General Lab Information

Towards Safer Spaceflight

A joint Brookhaven Lab/NASA facility to study the effects of cosmic radiation

Modern astronauts are spending ever greater amounts of time in space, exposed to the little-understood effects of cosmic radiation. NASA and Brookhaven National Lab have established a joint lab—the NASA Space Radiation Laboratory (NSRL)—on the Brookhaven campus to study the possible effects of this exposure.

Why Space Radiation Matters

Since astronauts now routinely spend six or more months in space, they receive more exposure to ionizing radiation , a stream of particles that, when passing through a body, may cause atoms and molecules within that substance to become ionized. The ionization process damages components of living cells, including DNA, that may inhibit cell reproduction and repair. This, in turn, may lead to cell mutations that cause serious illness, or shortened life spans. By one estimate, for each year that astronauts spend in deep space, about one-third of their DNA will be directly hit by ionizing particles.

What We Do

The research conducted at NSRL increases our understanding of the link between ionizing radiation and cell damage.

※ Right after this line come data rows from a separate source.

lemma has_real_derivative_tri_cot:
  assumes "tri_gram x y t > 0"
  shows "((\<lambda>t. tri_dot x y t / tri_cross x y t) has_real_derivative
           2 * x\<^sup>2 * tri_dot y x t / (tri_cross x y t)^3) (at t)"
proof -
  define c where "c = tri_cross x y t"
  have c: "c > 0" unfolding c_def using tri_cross_pos[OF assms] .
  have "((\<lambda>t. tri_dot x y t / tri_cross x y t) has_real_derivative
      (1 * c - tri_dot x y t * ((x\<^sup>2 + y\<^sup>2 - t) / c)) / (c * c)) (at t)"
    unfolding c_def
    by (rule DERIV_divide[OF has_real_derivative_tri_dot has_real_derivative_tri_cross[OF assms]])
       (use c c_def in simp)
  moreover have "(1 * c - tri_dot x y t * ((x\<^sup>2 + y\<^sup>2 - t) / c)) / (c * c)
      = (c\<^sup>2 - tri_dot x y t * (x\<^sup>2 + y\<^sup>2 - t)) / c^3"
    using c by (simp add: field_simps power2_eq_square power3_eq_cube)
  moreover have "c\<^sup>2 - tri_dot x y t * (x\<^sup>2 + y\<^sup>2 - t) = 2 * x\<^sup>2 * tri_dot y x t"
    unfolding c_def tri_cross_sq[OF assms] tri_gram_def tri_dot_def
    by (simp add: algebra_simps power2_eq_square)
  ultimately show ?thesis unfolding c_def by simp
qed

lemma tri_cot_deriv_eq:
  assumes "t > 0" and "c > 0" and "c\<^sup>2 = tri_gram x y t"
  shows "2 * x\<^sup>2 * tri_dot y x t / c^3 = (1 + (tri_dot x y t / c)\<^sup>2) * (tri_dot y x t / c) / (2 * t)"
proof -
  have "1 + (tri_dot x y t / c)\<^sup>2 = 4 * x\<^sup>2 * t / c\<^sup>2"
    using assms(2,3) unfolding tri_gram_def by (simp add: field_simps)
  then show ?thesis using assms(1,2) by (simp add: field_simps power2_eq_square power3_eq_cube)
qed

lemma tri_prod_re_deriv_eq:
  fixes a b t x1 y1 x2 y2 :: real
  assumes t: "t > 0" and a: "a > 0" and b: "b > 0"
    and ea: "a\<^sup>2 = tri_gram y1 x1 t" and eb: "b\<^sup>2 = tri_gram y2 x2 t"
  shows "tri_dot x1 y1 t + tri_dot x2 y2 t
           - (a * ((y2\<^sup>2 + x2\<^sup>2 - t) / b) + (y1\<^sup>2 + x1\<^sup>2 - t) / a * b)
       = (tri_dot x1 y1 t * tri_dot x2 y2 t - a * b) / t
         + ((tri_dot y1 x1 t / a + tri_dot y2 x2 t / b) / (2 * t))
           * (tri_dot x1 y1 t * b + tri_dot x2 y2 t * a)"
proof -
  have l: "(tri_dot x1 y1 t + tri_dot x2 y2 t
        - (a * ((y2\<^sup>2 + x2\<^sup>2 - t) / b) + (y1\<^sup>2 + x1\<^sup>2 - t) / a * b)) * (2 * t * a * b)
      = 2 * t * (tri_dot x2 y2 t + tri_dot x1 y1 t) * a * b
        - 2 * t * (y1\<^sup>2 + x1\<^sup>2 - t) * b\<^sup>2 - 2 * t * (y2\<^sup>2 + x2\<^sup>2 - t) * a\<^sup>2"
    using t a b by (simp add: field_simps power2_eq_square)
  have r: "((tri_dot x1 y1 t * tri_dot x2 y2 t - a * b) / t
        + ((tri_dot y1 x1 t / a + tri_dot y2 x2 t / b) / (2 * t))
          * (tri_dot x1 y1 t * b + tri_dot x2 y2 t * a)) * (2 * t * a * b)
      = 2 * (tri_dot x1 y1 t * tri_dot x2 y2 t - a * b) * a * b
        + (tri_dot y1 x1 t * b + tri_dot y2 x2 t * a) * (tri_dot x1 y1 t * b + tri_dot x2 y2 t * a)"
    using t a b by (simp add: field_simps power2_eq_square)
  have "2 * t * (tri_dot x2 y2 t + tri_dot x1 y1 t) * a * b
        - 2 * t * (y1\<^sup>2 + x1\<^sup>2 - t) * b\<^sup>2 - 2 * t * (y2\<^sup>2 + x2\<^sup>2 - t) * a\<^sup>2
      = 2 * (tri_dot x1 y1 t * tri_dot x2 y2 t - a * b) * a * b
        + (tri_dot y1 x1 t * b + tri_dot y2 x2 t * a) * (tri_dot x1 y1 t * b + tri_dot x2 y2 t * a)"
    using ea eb unfolding tri_gram_def tri_dot_def by algebra
  with l r have "(tri_dot x1 y1 t + tri_dot x2 y2 t
        - (a * ((y2\<^sup>2 + x2\<^sup>2 - t) / b) + (y1\<^sup>2 + x1\<^sup>2 - t) / a * b)) * (2 * t * a * b)
      = ((tri_dot x1 y1 t * tri_dot x2 y2 t - a * b) / t
        + ((tri_dot y1 x1 t / a + tri_dot y2 x2 t / b) / (2 * t))
          * (tri_dot x1 y1 t * b + tri_dot x2 y2 t * a)) * (2 * t * a * b)"
    by simp
  then show ?thesis using t a b by simp
qed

Our work seeks to limit the damage to healthy tissue by cosmic radiation, leading to safer space exploration for astronauts and possible improvements in cancer-fighting treatments for all.

The NSRL uses beams of heavy ions extracted from Brookhaven's Booster accelerator, the best in America for radiobiology studies, to simulate the cosmic rays found in space. NSRL features its own beam line dedicated to radiobiology research and state-of-the-art specimen preparation resources. Within NSRL, scientists expose biological specimens---tissues, cells, and cell DNA---to beams of heavy ions. Other experimenters use industrial materials as samples, studying their suitability for space suits and spacecraft shielding.